START Supplied data
lemma Ffun_eq_quadratic:
  assumes "m > 0"
  shows "Ffun N e m g
    = N * (1 / sqrt m)\<^sup>2 + Qinv e / ln 2 * sqrt_dispersion g * (1 / sqrt m) - log 2 (1 + g)"
proof -
  have "sqrt (1 / m * (1 - 1 / (g + 1)\<^sup>2)) = 1 / sqrt m * sqrt_dispersion g"
    unfolding sqrt_dispersion_def by (simp add: real_sqrt_mult real_sqrt_divide)
  moreover have "N / m = N * (1 / sqrt m)\<^sup>2" using assms by (simp add: power_divide)
  ultimately show ?thesis unfolding Ffun_def by (simp add: algebra_simps)
qed

lemma Ffun_eq_0_iff:
  assumes "N > 0" "m > 0" "g > 0"
  shows "Ffun N e m g = 0 \<longleftrightarrow> inv_sqrt_blocklength N (Qinv e / ln 2) g = 1 / sqrt m"
proof -
  define b where "b = Qinv e / ln 2 * sqrt_dispersion g"
  have F: "Ffun N e m g = N * (1 / sqrt m)\<^sup>2 + b * (1 / sqrt m) - log 2 (1 + g)"
    unfolding b_def Ffun_eq_quadratic[OF assms(2)] ..
  have L: "log 2 (1 + g) > 0" using assms by simp
  show ?thesis
    unfolding F inv_sqrt_blocklength_def b_def[symmetric]
    using pos_root_unique[OF assms(1) L, of "1 / sqrt m" b] pos_root_eq[OF assms(1) L, of b] assms
    by auto
qed

lemma Ffun_at_0: "m > 0 \<Longrightarrow> Ffun N e m 0 = N / m"
  unfolding Ffun_def by simp

lemma inv_sqrt_blocklength_at_0: "inv_sqrt_blocklength N c 0 = 0"
  unfolding inv_sqrt_blocklength_def pos_root_def sqrt_dispersion_def by simp

lemma continuous_on_inv_sqrt_blocklength:
  "N > 0 \<Longrightarrow> continuous_on {0..} (inv_sqrt_blocklength N c)"
  unfolding inv_sqrt_blocklength_def pos_root_def sqrt_dispersion_def log_def
  by (auto intro!: continuous_intros)

lemma sqrt_dispersion_has_real_derivative:
  assumes "x > 0"
  shows "(sqrt_dispersion has_real_derivative 1 / ((x + 1)^3 * sqrt_dispersion x)) (at x)"
proof -
  have pos: "1 - 1 / (x + 1)\<^sup>2 > 0" using assms by (simp add: field_simps)
  have "((\<lambda>y. 1 - 1 / (y + 1)\<^sup>2) has_real_derivative 2 / (x + 1)^3) (at x)"
    using assms by (auto intro!: derivative_eq_intros simp: field_simps) algebra
  from DERIV_chain2[OF DERIV_real_sqrt[OF pos] this]
  show ?thesis unfolding sqrt_dispersion_def[abs_def] by (simp add: field_simps)
qed

lemma sqrt_dispersion_sq:
  assumes "x > 0" shows "(x + 1)^3 * (sqrt_dispersion x)\<^sup>2 = (x + 1) * x * (x + 2)"
proof -
  have "(sqrt_dispersion x)\<^sup>2 = x * (x + 2) / (x + 1)\<^sup>2"
    using assms by (simp add: sqrt_dispersion_eq power_divide power_mult_distrib add.commute)
  hence sq: "(sqrt_dispersion x)\<^sup>2 * (x + 1)\<^sup>2 = x * (x + 2)"
    using assms by (simp add: eq_divide_eq)
  have "(x + 1)^3 * (sqrt_dispersion x)\<^sup>2 = (x + 1) * ((sqrt_dispersion x)\<^sup>2 * (x + 1)\<^sup>2)"
    by (simp add: power2_eq_square power3_eq_cube)
  thus ?thesis unfolding sq by simp
qed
END Supplied data
> [Exercise goal]:
What you output must be the lines from the opening of the material above up to and including the line with "unfolding sqrt_dispersion_def by", reproduced exactly.

> [Completed task]:
lemma Ffun_eq_quadratic:
  assumes "m > 0"
  shows "Ffun N e m g
    = N * (1 / sqrt m)\<^sup>2 + Qinv e / ln 2 * sqrt_dispersion g * (1 / sqrt m) - log 2 (1 + g)"
proof -
  have "sqrt (1 / m * (1 - 1 / (g + 1)\<^sup>2)) = 1 / sqrt m * sqrt_dispersion g"
    unfolding sqrt_dispersion_def by (simp add: real_sqrt_mult real_sqrt_divide)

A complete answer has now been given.